**** THE INPUT

text \<open>\<open>K\<^sub>0(A)\<close> is a group, but \<open>k0_eq\<close> is stable equivalence over the unitization, so the common
  summand \<open>x\<close> has to be cancelled by hand: add \<open>1 - x\<close> in a fresh corner of both sides of
  \<open>x \<oplus> Y \<oplus> 1\<^sub>k \<sim> x \<oplus> Z \<oplus> 1\<^sub>k\<close>, and move \<open>x\<close> next to it to obtain
  \<open>0 \<oplus> Y \<oplus> 1\<^sub>k\<^sub>+\<^sub>1 \<sim> 0 \<oplus> Z \<oplus> 1\<^sub>k\<^sub>+\<^sub>1\<close>.\<close>
lemma k0_eq_cancel_elem_mat:
  fixes x :: "'a::cstar_algebra"
  assumes x: "is_aproj x" and Y: "is_proj Y" and Z: "is_proj Z"
    and eq: "k0_eq (dsum 1 (elem_mat x) Y) (dsum 1 (elem_mat x) Z)"
  shows "k0_eq (dsum 1 0 Y) (dsum 1 0 Z)"
proof -
  obtain n k where nY: "in_Mn n (dsum 1 (elem_mat x) Y)" and nZ: "in_Mn n (dsum 1 (elem_mat x) Z)"
    and equiv: "mvn (stab_uz n (dsum 1 (elem_mat x) Y) k) (stab_uz n (dsum 1 (elem_mat x) Z) k)"
    using eq unfolding k0_eq_iff_stab_uz by blast
  have n0: "in_Mn n (dsum 1 0 Y)" "in_Mn n (dsum 1 0 Z)"
    using nY nZ by (auto simp: in_Mn_def dsum_def split: if_splits)
  show ?thesis
  proof (cases "n = 0")
    case True
    then have "dsum 1 (elem_mat x) Y 0 0 = 0" using nY by (simp add: in_Mn_def)
    then have "x = 0" by (simp add: dsum_def elem_mat_def)
    then show ?thesis using eq by (simp add: elem_mat_zero)
  next
    case False
    then have n_pos: "0 < n" by simp
    define u where "u = single_entry (n + k) (n + k) (Uz (- x) 1)"
    have X: "is_proj (elem_mat x)" using x by (simp add: is_proj_elem_mat_iff)
    have proj: "is_proj (stab_uz n (dsum 1 (elem_mat x) W) k)"
      "in_Mn (n + k) (stab_uz n (dsum 1 (elem_mat x) W) k)" if "W = Y \<or> W = Z" for W
      using that is_proj_dsum[OF X _ in_Mn_elem_mat] Y Z nY nZ
      by (auto intro: is_proj_stab_uz in_Mn_stab_uz)
    note u_proj = unitz_proj_complement(2,6)[OF x]
    have "mvn (stab_uz n (dsum 1 (elem_mat x) Y) k + u) (stab_uz n (dsum 1 (elem_mat x) Z) k + u)"
      unfolding u_def using proj equiv u_proj by (intro mvn_add_single_entry) simp_all
    moreover have "is_proj (stab_uz n (dsum 1 (elem_mat x) W) k + u)" if "W = Y \<or> W = Z" for W
      using proj[OF that] u_proj unfolding u_def by (intro is_proj_add_single_entry) simp_all
    ultimately have "proj_equiv (stab_uz n (dsum 1 (elem_mat x) Y) k + u) (stab_uz n (dsum 1 (elem_mat x) Z) k + u)"
      by (simp add: proj_equiv_def)
    then have "proj_equiv (stab_uz n (dsum 1 0 Y) (Suc k)) (stab_uz n (dsum 1 0 Z) (Suc k))"
      using proj_equiv_stab_uz_move_corner[OF x Y n_pos nY, of k]
        proj_equiv_stab_uz_move_corner[OF x Z n_pos nZ, of k]
      unfolding u_def by (meson proj_equiv_sym proj_equiv_trans)
    then show ?thesis unfolding k0_eq_iff_stab_uz proj_equiv_def using n0 by blast
  qed
qed

section \<open>Interpolation in \<open>K\<^sub>0(A)\<^sup>+\<close>\<close>

lemma k0_le_refl: "is_proj P \<Longrightarrow> k0_le (k0cls P) (k0cls P)"
  unfolding k0_le_def by (metis is_proj_in_Mn dsum_zero_right is_proj_zero)

lemma k0_le_zero_left: "g \<in> K0pos \<Longrightarrow> k0_le (k0cls (elem_mat (0::'a::cstar_algebra))) g"
  unfolding k0_le_def K0pos_def elem_mat_zero by (metis imageE mem_Collect_eq dsum_0 is_proj_zero in_Mn_zero)

lemma orthogonal_add_proj_le:
  fixes b c d :: "'a::cstar_algebra"
  assumes b: "is_aproj b" and c: "is_aproj c" and d: "is_aproj d"
    and bd: "b * d = 0" and cd: "proj_le c d"
  shows "b * c = 0" "proj_le b (b + c)" "proj_le (b + c) (b + d)"
proof -
  have h: "b * b = b" "c * d = c" "d * c = c" using b cd by (auto simp: is_aproj_def proj_le_def)
  have db: "d * b = 0" using b d bd by (rule orthogonal_aproj_commute)
  show bc: "b * c = 0" using bd h by (metis mult.assoc mult_zero_left)
  have cb: "c * b = 0" using b c bc by (rule orthogonal_aproj_commute)
  show "proj_le b (b + c)" "proj_le (b + c) (b + d)"
    using h bc cb bd db by (simp_all add: proj_le_def algebra_simps)
qed

lemma proj_chain_append:
  fixes q q' :: "nat \<Rightarrow> 'a::cstar_algebra"
  assumes q: "\<forall>k\<le>i. is_aproj (q k) \<and> k0cls (elem_mat (q k)) = g k"
      "\<forall>k<i. proj_le (q k) (q (Suc k))"
    and q': "\<forall>k. i \<le> k \<and> k \<le> j \<longrightarrow> is_aproj (q' k) \<and> k0cls (elem_mat (q' k)) = g k"
      "\<forall>k. i \<le> k \<and> k < j \<longrightarrow> proj_le (q' k) (q' (Suc k))"
    and glue: "q' i = q i" and "i \<le> j"
  shows "(\<forall>k\<le>j. is_aproj (if k \<le> i then q k else q' k) \<and>
            k0cls (elem_mat (if k \<le> i then q k else q' k)) = g k) \<and>
         (\<forall>k<j. proj_le (if k \<le> i then q k else q' k) (if Suc k \<le> i then q (Suc k) else q' (Suc k)))"
proof (rule conjI; intro allI impI)
  show "is_aproj (if k \<le> i then q k else q' k) \<and>
      k0cls (elem_mat (if k \<le> i then q k else q' k)) = g k" if "k \<le> j" for k
    using q(1) q'(1) that by simp
  show "proj_le (if k \<le> i then q k else q' k) (if Suc k \<le> i then q (Suc k) else q' (Suc k))"
    if "k < j" for k
  proof -
    consider "Suc k \<le> i" | "k = i" | "i < k" by linarith
    then show ?thesis
    proof cases
      case 1
      then show ?thesis using q(2) by simp
    next
      case 2
      then show ?thesis using q'(2) glue[symmetric] that by simp
    next
      case 3
      then show ?thesis using q'(2) that by simp
    qed
  qed
qed

lemma le_last_if_bounded_Suc_mono:
  fixes f :: "nat \<Rightarrow> 'b::preorder"
  assumes "\<forall>i<N. f i \<le> f (Suc i)" and "n \<le> N"
  shows "f n \<le> f N"
  using assms by (induction N) (auto simp: le_Suc_eq intro: order_trans)

context
  fixes A :: "'a::cstar_algebra itself"
  assumes canc: "has_cancellation A"
begin

lemma k0_eq_iff_mvn:
  "is_proj (P::'a mat) \<Longrightarrow> is_proj Q \<Longrightarrow> k0_eq P Q \<longleftrightarrow> mvn P Q"
  using canc unfolding has_cancellation_def by blast

lemma k0cls_eq_iff:
  "is_proj (P::'a mat) \<Longrightarrow> is_proj Q \<Longrightarrow> k0cls P = k0cls Q \<longleftrightarrow> proj_equiv P Q"
proof
  assume P: "is_proj P" and Q: "is_proj Q" and eq: "k0cls P = k0cls Q"
  have "Q \<in> k0cls Q" using Q by (simp add: k0cls_def k0_eq_iff_mvn mvn_refl)
  then have "Q \<in> k0cls P" using eq by simp
  then show "proj_equiv P Q" using P Q by (simp add: k0cls_def k0_eq_iff_mvn proj_equiv_def)
next
  assume P: "is_proj P" and Q: "is_proj Q" and PQ: "proj_equiv P Q"
  have "mvn P R \<longleftrightarrow> mvn Q R" if "is_proj R" for R
    using PQ P Q that unfolding proj_equiv_def by (meson mvn_sym mvn_trans)
  then show "k0cls P = k0cls Q"
    using P Q by (auto simp: k0cls_def k0_eq_iff_mvn)
qed

lemma proj_equiv_cancel_elem_mat:
  assumes x: "is_aproj (x::'a)" and Y: "is_proj Y" and Z: "is_proj Z"
    and eq: "proj_equiv (dsum 1 (elem_mat x) Y) (dsum 1 (elem_mat x) Z)"
  shows "proj_equiv Y Z"
proof -
  have "k0_eq (dsum 1 (elem_mat x) Y) (dsum 1 (elem_mat x) Z)"
    using eq k0_eq_iff_mvn by (simp add: proj_equiv_def)
  then have "k0_eq (dsum 1 0 Y) (dsum 1 0 Z)" by (rule k0_eq_cancel_elem_mat[OF x Y Z])
  then have "proj_equiv (dsum 1 0 Y) (dsum 1 0 Z)"
    using Y Z k0_eq_iff_mvn by (simp add: proj_equiv_def is_proj_dsum)
  then show ?thesis
    using proj_equiv_dsum_zero_left[OF Y] proj_equiv_dsum_zero_left[OF Z]
    by (meson proj_equiv_sym proj_equiv_trans)
qed

lemma k0_le_k0clsE:
  assumes le: "k0_le (k0cls P) h" and P: "is_proj (P::'a mat)" "in_Mn n P"
  obtains R where "is_proj R" "h = k0cls (dsum n P R)"
proof -
  obtain P' R n' where P': "is_proj P'" "in_Mn n' P'" "k0cls P = k0cls P'"
    and R: "is_proj R" and h: "h = k0cls (dsum n' P' R)"
    using le unfolding k0_le_def by blast
  have "proj_equiv (dsum n P R) (dsum n' P' R)"
    using P P' R by (intro proj_equiv_dsum_left) (simp_all add: k0cls_eq_iff)
  then have "h = k0cls (dsum n P R)"
    using P P' R h by (simp add: k0cls_eq_iff is_proj_dsum proj_equiv_sym)
  with R show thesis by (rule that)
qed

lemma k0_le_trans:
  assumes gh: "k0_le g h" and hl: "k0_le h (l::'a mat set)"
  shows "k0_le g l"
proof -
  obtain P R n where P: "is_proj P" "in_Mn n P" and R: "is_proj R"
    and g: "g = k0cls P" and h: "h = k0cls (dsum n P R)"
    using gh unfolding k0_le_def by blast
  obtain m where m: "in_Mn m R" using R is_proj_in_Mn by blast
  obtain R' where R': "is_proj R'" and "l = k0cls (dsum (n + m) (dsum n P R) R')"
    using hl is_proj_dsum[OF P(1) R P(2)] in_Mn_dsum[OF P(2) m] unfolding h by (rule k0_le_k0clsE)
  then have "l = k0cls (dsum n P (dsum m R R'))" using P(2) m by (simp add: dsum_assoc)
  moreover have "is_proj (dsum m R R')" using R R' m by (rule is_proj_dsum)
  ultimately show ?thesis unfolding k0_le_def using P g by blast
qed

lemma proj_le_equiv_imp_eq:
  fixes a b :: 'a
  assumes a: "is_aproj a" and b: "is_aproj b" and ba: "proj_le b a"
    and eq: "proj_equiv (elem_mat b) (elem_mat a)"
  shows "b = a"
proof -
  have d: "is_aproj (a - b)" "b * (a - b) = 0" using a b ba by (rule is_aproj_diff)+
  have "proj_equiv (dsum 1 (elem_mat b) 0) (elem_mat a)"
    using eq dsum_zero_right[OF in_Mn_elem_mat, of b] by simp
  also have "proj_equiv (elem_mat a) (dsum 1 (elem_mat b) (elem_mat (a - b)))"
    using proj_equiv_elem_mat_orthogonal_add(2)[OF b d] by simp
  finally have "proj_equiv 0 (elem_mat (a - b))"
    using d(1) by (elim proj_equiv_cancel_elem_mat[OF b is_proj_zero, rotated]) (simp add: is_proj_elem_mat_iff)
  then have "elem_mat (a - b) = elem_mat 0"
    unfolding elem_mat_zero proj_equiv_def by (blast intro: mvn_zero_left)
  then show ?thesis by (simp add: elem_mat_inject)
qed

lemma k0_le_between_elem_matE:
  fixes a b :: 'a
  assumes a: "is_aproj a" and b: "is_aproj b"
    and bg: "k0_le (k0cls (elem_mat b)) g" and ga: "k0_le g (k0cls (elem_mat a))"
  obtains R R' m where "is_proj R" "is_proj R'" "in_Mn m R" "g = k0cls (dsum 1 (elem_mat b) R)"
    "proj_equiv (elem_mat a) (dsum 1 (elem_mat b) (dsum m R R'))"
proof -
  have B: "is_proj (elem_mat b)" and Aa: "is_proj (elem_mat a)"
    using a b by (simp_all add: is_proj_elem_mat_iff)
  obtain R where R: "is_proj R" and g: "g = k0cls (dsum 1 (elem_mat b) R)"
    using bg B in_Mn_elem_mat by (rule k0_le_k0clsE)
  obtain m where m: "in_Mn m R" using R is_proj_in_Mn by blast
  have BR: "is_proj (dsum 1 (elem_mat b) R)" using B R in_Mn_elem_mat by (rule is_proj_dsum)
  obtain R' where R': "is_proj R'"
    and a_cls: "k0cls (elem_mat a) = k0cls (dsum (1 + m) (dsum 1 (elem_mat b) R) R')"
    using ga BR in_Mn_dsum[OF in_Mn_elem_mat m] unfolding g by (rule k0_le_k0clsE)
  have Y: "is_proj (dsum m R R')" using R R' m by (rule is_proj_dsum)
  have "dsum (1 + m) (dsum 1 (elem_mat b) R) R' = dsum 1 (elem_mat b) (dsum m R R')"
    using dsum_assoc[OF in_Mn_elem_mat m] by simp
  then have "proj_equiv (elem_mat a) (dsum 1 (elem_mat b) (dsum m R R'))"
    using a_cls k0cls_eq_iff[OF Aa is_proj_dsum[OF B Y in_Mn_elem_mat]] by simp
  with R R' m g show thesis by (rule that)
qed

lemma k0_le_interpolate:
  fixes a b :: 'a
  assumes a: "is_aproj a" and b: "is_aproj b" and ba: "proj_le b a"
    and bg: "k0_le (k0cls (elem_mat b)) g" and ga: "k0_le g (k0cls (elem_mat a))"
  obtains c where "is_aproj c" "proj_le b c" "proj_le c a" "k0cls (elem_mat c) = g"
proof -
  obtain R R' m where R: "is_proj R" "is_proj R'" "in_Mn m R"
    and g: "g = k0cls (dsum 1 (elem_mat b) R)"
    and a_equiv: "proj_equiv (elem_mat a) (dsum 1 (elem_mat b) (dsum m R R'))"
    by (rule k0_le_between_elem_matE[OF a b bg ga])
  have B: "is_proj (elem_mat b)" using b by (simp add: is_proj_elem_mat_iff)
  have Y: "is_proj (dsum m R R')" using R by (simp add: is_proj_dsum)
  define d where "d = a - b"
  have d: "is_aproj d" "b * d = 0" "a = b + d" using is_aproj_diff[OF a b ba] by (simp_all add: d_def)
  have "proj_equiv (dsum 1 (elem_mat b) (elem_mat d)) (elem_mat a)"
    using proj_equiv_elem_mat_orthogonal_add(2)[OF b d(1,2)] d(3) by (simp add: proj_equiv_sym)
  also note a_equiv
  finally have "proj_equiv (elem_mat d) (dsum m R R')"
    using d(1) by (elim proj_equiv_cancel_elem_mat[OF b _ Y, rotated]) (simp add: is_proj_elem_mat_iff)
  then have "mvn (dsum m R R') (elem_mat d)" unfolding proj_equiv_def using mvn_sym by blast
  then obtain c0 where c0: "is_aproj c0" "proj_le c0 d" "mvn R (elem_mat c0)"
    by (rule dsum_summand_equiv_subprojection[OF d(1) R(1,3,2)])
  have "proj_equiv (elem_mat c0) R"
    using c0(1,3) R(1) mvn_sym unfolding proj_equiv_def by (simp add: is_proj_elem_mat_iff)
  note between = orthogonal_add_proj_le[OF b c0(1) d(1,2) c0(2)]
  have "proj_equiv (elem_mat (b + c0)) (dsum 1 (elem_mat b) (elem_mat c0))"
    using proj_equiv_elem_mat_orthogonal_add(2)[OF b c0(1) between(1)] .
  also have "proj_equiv \<dots> (dsum 1 (elem_mat b) R)"
    using B \<open>proj_equiv (elem_mat c0) R\<close> in_Mn_elem_mat by (intro proj_equiv_dsum proj_equiv_refl)
  finally have "k0cls (elem_mat (b + c0)) = g"
    unfolding g by (simp add: k0cls_eq_iff proj_equiv_is_proj)
  then show thesis
    using that proj_equiv_elem_mat_orthogonal_add(1)[OF b c0(1) between(1)] between(2,3) d(3)
    by simp
qed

********

• WORK TO BE COMPLETED:
Reply with a number alone, the number of lines of the records that hold the word "ultimately".

• OUTPUT FOR THIS EXERCISE:
2